The Unified Payments Interface (UPI) continues to dominate the Indian payment system, accounting for 85% of transactions by volume in January-June. However, it accounted for only 9.1% of total payment value, indicating that it is primarily used for small-value transactions. During the period, the total number of UPI transactions rose 35% year-on-year to 106.37 billion, while the transaction value increased 23% to ₹143.35 trillion.
India’s foreign exchange reserves rose in the week ended October 17, after three consecutive weeks of fall. The rise came despite, the Reserve Bank of India intervening in the foreign exchange market to curb a sharp depreciation in the rupee against the dollar. The foreign exchange reserves rose to $702.28 billion as of October 17, up $4.5 billion from a week earlier. Foreign currency assets were down $1.6 billion to 570.4 billion, while gold reserves were valued at $108.5 billion, up $6.2 billion on week. Overall, reserves have risen by $34 billion so far in 2025-2026, mainly due to higher gold prices.
Reserve money growth accelerated to 3.5% year-on-year as of October 17, from 3.1% a week earlier. The rise was led by currency in circulation, which grew 8.8% year-on-year to ₹38.29 trillion.
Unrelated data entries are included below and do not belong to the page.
(* Let $(D,\Gamma)$ be a consistent action theory, $n\ge 0$, and let $X$ be an answer set of the program $\pi$. If for some $t\in\{0,\dots,n\}$ the set $X$ contains no atom of the form $occ(a,t)$, then $X$ contains no atom of the form $occ(a,t')$ for any $t'$ with $t\le t'\le n$.
   Context: Action language $\mathcal{B}$: fix finite sets $\mathbf{F}$ of fluents and $\mathbf{A}$ of actions. A fluent literal is $f$ or $\neg f$ ($f\in\mathbf{F}$); the complement $\bar l$ of $f$ is $\neg f$ and of $\neg f$ is $f$. A set of fluent literals is consistent if it contains no pair $f,\neg f$; an interpretation is a maximal consistent set. For a set $u$ of literals, $u\models p_1\wedge\dots\wedge p_k$ means $\{p_1,\dots,p_k\}\subseteq u$. A domain description $D$ is a finite set of static causal laws $\mathbf{caused}(\{p_1,\dots,p_k\},f)$ (their set is $D_C$), dynamic causal laws $\mathbf{causes}(a,f,\{p_1,\dots,p_k\})$ and executability conditions $\mathbf{executable}(a,\{p_1,\dots,p_k\})$, with $a\in\mathbf{A}$ and $f,p_i$ fluent literals; $\Gamma$ is a set of propositions $\mathbf{initially}(f)$. A consistent set $u$ is closed under $D_C$ if for every $\mathbf{caused}(P,f)\in D_C$ with $P\subseteq u$, $f\in u$; $Cl_{D_C}(u)$ is the least consistent superset of $u$ closed under $D_C$ (undefined if none). A state is an interpretation closed under $D_C$. Action $a$ is executable in state $s$ if some $\mathbf{executable}(a,P)\in D$ has $P\subseteq s$. $E(a,s)=\{f\mid \mathbf{causes}(a,f,P)\in D,\ P\subseteq s\}$. $\Phi(a,s)=\{s'\mid s'\text{ a state},\ s'=Cl_{D_C}(E(a,s)\cup(s\cap s'))\}$ if $a$ is executable in $s$, and $\Phi(a,s)=\emptyset$ otherwise. $D$ is consistent if $\Phi(a,s)\ne\emptyset$ whenever $a$ is executable in state $s$; $(D,\Gamma)$ is consistent if $D$ is consistent and $s_0^\Gamma:=\{f\mid\mathbf{initially}(f)\in\Gamma\}$ is a state of $D$. Answer sets: a ground normal program consists of rules $h\leftarrow b_1,\dots,b_m,\mathit{not}\,c_1,\dots,\mathit{not}\,c_r$ and constraints $\bot\leftarrow b_1,\dots,b_m,\mathit{not}\,c_1,\dots,\mathit{not}\,c_r$. For a set $S$ of atoms, the reduct $\Pi^S$ deletes every rule/constraint containing $\mathit{not}\,c$ with $c\in S$ and deletes all $\mathit{not}$-literals from the rest; $S$ is an answer set of $\Pi$ if $S$ is the least set of atoms closed under the non-constraint rules of $\Pi^S$ and no constraint of $\Pi^S$ has its whole body contained in $S$. The program $\pi$ (ground; $t$ ranges over $\{0,\dots,n\}$ unless stated): (1) $holds(l,0)\leftarrow$ for each $\mathbf{initially}(l)\in\Gamma$; (2) $possible(a,t)\leftarrow holds(p_1,t),\dots,holds(p_k,t)$ for each $\mathbf{executable}(a,\{p_1,\dots,p_k\})\in D$; (3) for $t\in\{0,\dots,n-1\}$, $holds(f,t+1)\leftarrow occ(a,t),possible(a,t),holds(p_1,t),\dots,holds(p_k,t)$ for each $\mathbf{causes}(a,f,\{p_1,\dots,p_k\})\in D$; (4) $holds(f,t)\leftarrow holds(p_1,t),\dots,holds(p_k,t)$ for each $\mathbf{caused}(\{p_1,\dots,p_k\},f)\in D$; (5) $occ(a,t)\leftarrow possible(a,t),\mathit{not}\,nocc(a,t)$ for each action $a$; (6) $nocc(a,t)\leftarrow occ(b,t)$ for each pair of distinct actions $a\ne b$; (7) for $t\in\{0,\dots,n-1\}$, $holds(l,t+1)\leftarrow holds(l,t),\mathit{not}\,holds(\bar l,t+1)$ for each fluent literal $l$; (8) $\bot\leftarrow holds(f,t),holds(\neg f,t)$ for each fluent $f$. *)

theory Defs
  imports Main
begin

datatype 'f lit = Pos 'f | Neg 'f

fun compl :: "'f lit \<Rightarrow> 'f lit" where
  "compl (Pos f) = Neg f"
| "compl (Neg f) = Pos f"

text \<open>A domain description: static causal laws caused(P,f) as (P,f),
  dynamic causal laws causes(a,f,P) as (a,f,P), executability conditions
  executable(a,P) as (a,P).\<close>
record ('f, 'a) domain =
  static :: "('f lit set \<times> 'f lit) set"
  dynamic :: "('a \<times> 'f lit \<times> 'f lit set) set"
  exec :: "('a \<times> 'f lit set) set"

definition consistent_lits :: "'f lit set \<Rightarrow> bool" where
  "consistent_lits u \<longleftrightarrow> (\<forall>f. \<not> (Pos f \<in> u \<and> Neg f \<in> u))"

definition interpretation_lits :: "'f lit set \<Rightarrow> bool" where
  "interpretation_lits u \<longleftrightarrow> consistent_lits u \<and>
     (\<forall>v. consistent_lits v \<and> u \<subseteq> v \<longrightarrow> v = u)"

definition closed_under :: "('f lit set \<times> 'f lit) set \<Rightarrow> 'f lit set \<Rightarrow> bool" where
  "closed_under DC u \<longleftrightarrow> consistent_lits u \<and> (\<forall>(P, f) \<in> DC. P \<subseteq> u \<longrightarrow> f \<in> u)"

text \<open>is_Cl DC u v: v is Cl_{D_C}(u), the least consistent superset of u closed
  under DC (no such v exists when Cl is undefined).\<close>
definition is_Cl :: "('f lit set \<times> 'f lit) set \<Rightarrow> 'f lit set \<Rightarrow> 'f lit set \<Rightarrow> bool" where
  "is_Cl DC u v \<longleftrightarrow> u \<subseteq> v \<and> closed_under DC v \<and>
     (\<forall>w. u \<subseteq> w \<and> closed_under DC w \<longrightarrow> v \<subseteq> w)"

definition is_state :: "('f, 'a) domain \<Rightarrow> 'f lit set \<Rightarrow> bool" where
  "is_state D s \<longleftrightarrow> interpretation_lits s \<and> closed_under (static D) s"

definition executable_in :: "('f, 'a) domain \<Rightarrow> 'a \<Rightarrow> 'f lit set \<Rightarrow> bool" where
  "executable_in D a s \<longleftrightarrow> (\<exists>P. (a, P) \<in> exec D \<and> P \<subseteq> s)"

definition E_eff :: "('f, 'a) domain \<Rightarrow> 'a \<Rightarrow> 'f lit set \<Rightarrow> 'f lit set" where
  "E_eff D a s = {f. \<exists>P. (a, f, P) \<in> dynamic D \<and> P \<subseteq> s}"

definition Phi :: "('f, 'a) domain \<Rightarrow> 'a \<Rightarrow> 'f lit set \<Rightarrow> 'f lit set set" where
  "Phi D a s = (if executable_in D a s
      then {s'. is_state D s' \<and> is_Cl (static D) (E_eff D a s \<union> (s \<inter> s')) s'}
      else {})"

definition consistent_domain :: "('f, 'a) domain \<Rightarrow> bool" where
  "consistent_domain D \<longleftrightarrow> (\<forall>a s. is_state D s \<and> executable_in D a s \<longrightarrow> Phi D a s \<noteq> {})"

text \<open>\<Gamma> is represented by the set of literals l with initially(l) \<in> \<Gamma>; thus s0 = \<Gamma>.\<close>
definition consistent_theory :: "('f, 'a) domain \<Rightarrow> 'f lit set \<Rightarrow> bool" where
  "consistent_theory D \<Gamma> \<longleftrightarrow> consistent_domain D \<and> is_state D \<Gamma>"

datatype ('f, 'a) atom =
  Holds "'f lit" nat | Possible 'a nat | Occ 'a nat | Nocc 'a nat

text \<open>A rule (h, B, C): head h (None for a constraint), positive body B,
  negative body C (the atoms under not).\<close>
type_synonym 'at rule = "'at option \<times> 'at set \<times> 'at set"

definition reduct :: "'at rule set \<Rightarrow> 'at set \<Rightarrow> ('at option \<times> 'at set) set" where
  "reduct \<Pi> S = {(h, B). \<exists>C. (h, B, C) \<in> \<Pi> \<and> C \<inter> S = {}}"

definition closed_rules :: "('at option \<times> 'at set) set \<Rightarrow> 'at set \<Rightarrow> bool" where
  "closed_rules R M \<longleftrightarrow> (\<forall>h B. (Some h, B) \<in> R \<and> B \<subseteq> M \<longrightarrow> h \<in> M)"

definition answer_set :: "'at rule set \<Rightarrow> 'at set \<Rightarrow> bool" where
  "answer_set \<Pi> S \<longleftrightarrow>
     closed_rules (reduct \<Pi> S) S \<and>
     (\<forall>M. closed_rules (reduct \<Pi> S) M \<longrightarrow> S \<subseteq> M) \<and>
     (\<forall>B. (None, B) \<in> reduct \<Pi> S \<longrightarrow> \<not> B \<subseteq> S)"

definition pi_prog :: "('f, 'a) domain \<Rightarrow> 'f lit set \<Rightarrow> nat \<Rightarrow> ('f, 'a) atom rule set" where
  "pi_prog D \<Gamma> n =
     {(Some (Holds l 0), {}, {}) | l. l \<in> \<Gamma>}
   \<union> {(Some (Possible a t), (\<lambda>p. Holds p t) ` P, {}) | a P t. (a, P) \<in> exec D \<and> t \<le> n}
   \<union> {(Some (Holds f (Suc t)), {Occ a t, Possible a t} \<union> (\<lambda>p. Holds p t) ` P, {})
        | a f P t. (a, f, P) \<in> dynamic D \<and> t < n}
   \<union> {(Some (Holds f t), (\<lambda>p. Holds p t) ` P, {}) | P f t. (P, f) \<in> static D \<and> t \<le> n}
   \<union> {(Some (Occ a t), {Possible a t}, {Nocc a t}) | a t. t \<le> n}
   \<union> {(Some (Nocc a t), {Occ b t}, {}) | a b t. a \<noteq> b \<and> t \<le> n}
   \<union> {(Some (Holds l (Suc t)), {Holds l t}, {Holds (compl l) (Suc t)}) | l t. t < n}
   \<union> {(None, {Holds (Pos f) t, Holds (Neg f) t}, {}) | f t. t \<le> n}"

end

theory Submission
  imports Defs
begin

text \<open>Suppose no action occurs at a step s < n. Then every literal holding at s + 1
  already holds at s: it can only be supported by inertia or by a static law at s + 1,
  and the literals new at s + 1 form an unfounded set, because a static law deriving one
  of them needs another new literal in its body. Hence every action possible at s + 1
  is possible at s. No nocc atom at s is supported either, so an action occurring at
  s + 1 would be possible at s and the choice rule would make it occur at s. Induction
  on the step concludes.\<close>

definition unfounded :: "'at rule set \<Rightarrow> 'at set \<Rightarrow> 'at set \<Rightarrow> bool" where
  "unfounded \<Pi> S R \<longleftrightarrow>
     (\<forall>h B C. (Some h, B, C) \<in> \<Pi> \<and> C \<inter> S = {} \<and> h \<in> R \<longrightarrow> \<not> B \<subseteq> S - R)"

lemma answer_set_rule_closed:
  assumes "answer_set \<Pi> S" "(Some h, B, C) \<in> \<Pi>" "C \<inter> S = {}" "B \<subseteq> S"
  shows "h \<in> S"
  using assms unfolding answer_set_def closed_rules_def reduct_def by blast

lemma answer_set_unfounded_disjoint:
  assumes S: "answer_set \<Pi> S" and R: "unfounded \<Pi> S R"
  shows "S \<inter> R = {}"
proof -
  have "closed_rules (reduct \<Pi> S) (S - R)"
    unfolding closed_rules_def reduct_def
    using answer_set_rule_closed[OF S] R unfolding unfounded_def by blast
  then have "S \<subseteq> S - R"
    using S unfolding answer_set_def by blast
  then show ?thesis by blast
qed

lemma answer_set_supported:
  assumes S: "answer_set \<Pi> S" and h: "h \<in> S"
  obtains B C where "(Some h, B, C) \<in> \<Pi>" "B \<subseteq> S" "C \<inter> S = {}"
proof -
  have "\<not> unfounded \<Pi> S {h}"
    using answer_set_unfounded_disjoint[OF S] h by blast
  then show ?thesis
    using that unfolding unfounded_def by blast
qed

lemma pi_prog_rule_Holds_Suc:
  assumes "(Some (Holds l (Suc s)), B, C) \<in> pi_prog D \<Gamma> n"
  shows "(\<exists>a P. (a, l, P) \<in> dynamic D \<and> B = {Occ a s, Possible a s} \<union> (\<lambda>p. Holds p s) ` P)
    \<or> (\<exists>P. (P, l) \<in> static D \<and> B = (\<lambda>p. Holds p (Suc s)) ` P)
    \<or> B = {Holds l s}"
  using assms unfolding pi_prog_def by auto

lemma pi_prog_rule_Possible:
  assumes "(Some (Possible a s), B, C) \<in> pi_prog D \<Gamma> n"
  obtains P where "(a, P) \<in> exec D" "B = (\<lambda>p. Holds p s) ` P"
  using assms unfolding pi_prog_def by auto

lemma pi_prog_rule_Occ:
  assumes "(Some (Occ a s), B, C) \<in> pi_prog D \<Gamma> n"
  shows "B = {Possible a s}"
  using assms unfolding pi_prog_def by auto

lemma pi_prog_rule_Nocc:
  assumes "(Some (Nocc a s), B, C) \<in> pi_prog D \<Gamma> n"
  obtains b where "B = {Occ b s}"
  using assms unfolding pi_prog_def by auto

lemma pi_prog_static_rule:
  "(P, l) \<in> static D \<Longrightarrow> s \<le> n \<Longrightarrow> (Some (Holds l s), (\<lambda>p. Holds p s) ` P, {}) \<in> pi_prog D \<Gamma> n"
  unfolding pi_prog_def by (simp; blast)

lemma pi_prog_exec_rule:
  "(a, P) \<in> exec D \<Longrightarrow> s \<le> n \<Longrightarrow> (Some (Possible a s), (\<lambda>p. Holds p s) ` P, {}) \<in> pi_prog D \<Gamma> n"
  unfolding pi_prog_def by (simp; blast)

lemma pi_prog_occ_rule:
  "s \<le> n \<Longrightarrow> (Some (Occ a s), {Possible a s}, {Nocc a s}) \<in> pi_prog D \<Gamma> n"
  unfolding pi_prog_def by simp

context
  fixes D :: "('f, 'a) domain" and \<Gamma> n X s
  assumes X: "answer_set (pi_prog D \<Gamma> n) X"
    and s: "s < n"
    and no_occ: "\<forall>a. Occ a s \<notin> X"
begin

lemma holds_Suc_imp_holds_if_no_occ:
  assumes "Holds l (Suc s) \<in> X"
  shows "Holds l s \<in> X"
proof -
  let ?R = "{Holds k (Suc s) | k. Holds k s \<notin> X}"
  have "unfounded (pi_prog D \<Gamma> n) X ?R"
    unfolding unfounded_def
  proof (intro allI impI notI, elim conjE)
    fix h B C
    assume rule: "(Some h, B, C) \<in> pi_prog D \<Gamma> n" and "h \<in> ?R" and B: "B \<subseteq> X - ?R"
    then obtain k where h: "h = Holds k (Suc s)" and k: "Holds k s \<notin> X" by blast
    from pi_prog_rule_Holds_Suc[OF rule[unfolded h]] show False
    proof (elim disjE exE conjE)
      fix a P assume "B = {Occ a s, Possible a s} \<union> (\<lambda>p. Holds p s) ` P"
      with B no_occ show False by blast
    next
      fix P assume P: "(P, k) \<in> static D" "B = (\<lambda>p. Holds p (Suc s)) ` P"
      then have "(\<lambda>p. Holds p s) ` P \<subseteq> X"
        using B by blast
      then have "Holds k s \<in> X"
        using s by (intro answer_set_rule_closed[OF X pi_prog_static_rule[OF P(1)]]) auto
      with k show False ..
    next
      assume "B = {Holds k s}"
      with B k show False by blast
    qed
  qed
  then show ?thesis
    using answer_set_unfounded_disjoint[OF X] assms by blast
qed

lemma possible_Suc_imp_possible_if_no_occ:
  assumes "Possible a (Suc s) \<in> X"
  shows "Possible a s \<in> X"
proof -
  obtain B C where rule: "(Some (Possible a (Suc s)), B, C) \<in> pi_prog D \<Gamma> n" and B: "B \<subseteq> X"
    using answer_set_supported[OF X assms] .
  obtain P where P: "(a, P) \<in> exec D" and "B = (\<lambda>p. Holds p (Suc s)) ` P"
    using pi_prog_rule_Possible[OF rule] .
  with B have "(\<lambda>p. Holds p s) ` P \<subseteq> X"
    using holds_Suc_imp_holds_if_no_occ by blast
  then show ?thesis
    using s by (intro answer_set_rule_closed[OF X pi_prog_exec_rule[OF P]]) auto
qed

lemma nocc_notin_if_no_occ: "Nocc a s \<notin> X"
proof
  assume "Nocc a s \<in> X"
  then obtain B C where rule: "(Some (Nocc a s), B, C) \<in> pi_prog D \<Gamma> n" and B: "B \<subseteq> X"
    by (rule answer_set_supported[OF X])
  obtain b where "B = {Occ b s}"
    using pi_prog_rule_Nocc[OF rule] .
  with B no_occ show False by blast
qed

lemma no_occ_Suc: "Occ a (Suc s) \<notin> X"
proof
  assume "Occ a (Suc s) \<in> X"
  then obtain B C where rule: "(Some (Occ a (Suc s)), B, C) \<in> pi_prog D \<Gamma> n" and B: "B \<subseteq> X"
    by (rule answer_set_supported[OF X])
  from B have "Possible a s \<in> X"
    unfolding pi_prog_rule_Occ[OF rule] by (simp add: possible_Suc_imp_possible_if_no_occ)
  then have "Occ a s \<in> X"
    using s nocc_notin_if_no_occ by (intro answer_set_rule_closed[OF X pi_prog_occ_rule]) auto
  with no_occ show False by blast
qed

end

theorem mainTheorem7:
  fixes D :: "('f::finite, 'a::finite) domain"
    and \<Gamma> :: "'f lit set"
    and n t :: nat
    and X :: "('f, 'a) atom set"
  assumes "consistent_theory D \<Gamma>"
    and "answer_set (pi_prog D \<Gamma> n) X"
    and "t \<le> n"
    and "\<forall>a. Occ a t \<notin> X"
  shows "\<forall>t' a. t \<le> t' \<and> t' \<le> n \<longrightarrow> Occ a t' \<notin> X"
proof (intro allI impI, elim conjE)
  fix t' a
  assume "t \<le> t'" "t' \<le> n"
  then show "Occ a t' \<notin> X"
  proof (induction t' arbitrary: a rule: dec_induct)
    case base
    then show ?case using assms(4) by blast
  next
    case (step s)
    then show ?case using no_occ_Suc[OF assms(2)] by simp
  qed
qed

end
Rainfall remained strong even after the southwest monsoon season ended. As of October 24, India received a weighted average rainfall of 78.3 mm in the post-monsoon season — 20% higher than the normal level of 65.0 mm for the period. Northwest India has been getting unusually high post-monsoon rainfall this year. The region received 44.0 mm of rainfall since the southwest monsoon season ended, 121% above the normal of 19.9 mm. The southern peninsula, where the post-monsoon or northeast monsoon is active, has received 156.5 mm of rainfall as of October 24, 29% above the normal of 121.3 mm.
With rainfall active, water storage in 161 major reservoirs rose marginally during the week ended October 23. Storage stood at 165.6 billion cubic metres, or 91% of live capacity — 4% higher than a year ago and 16% above the 10-year average.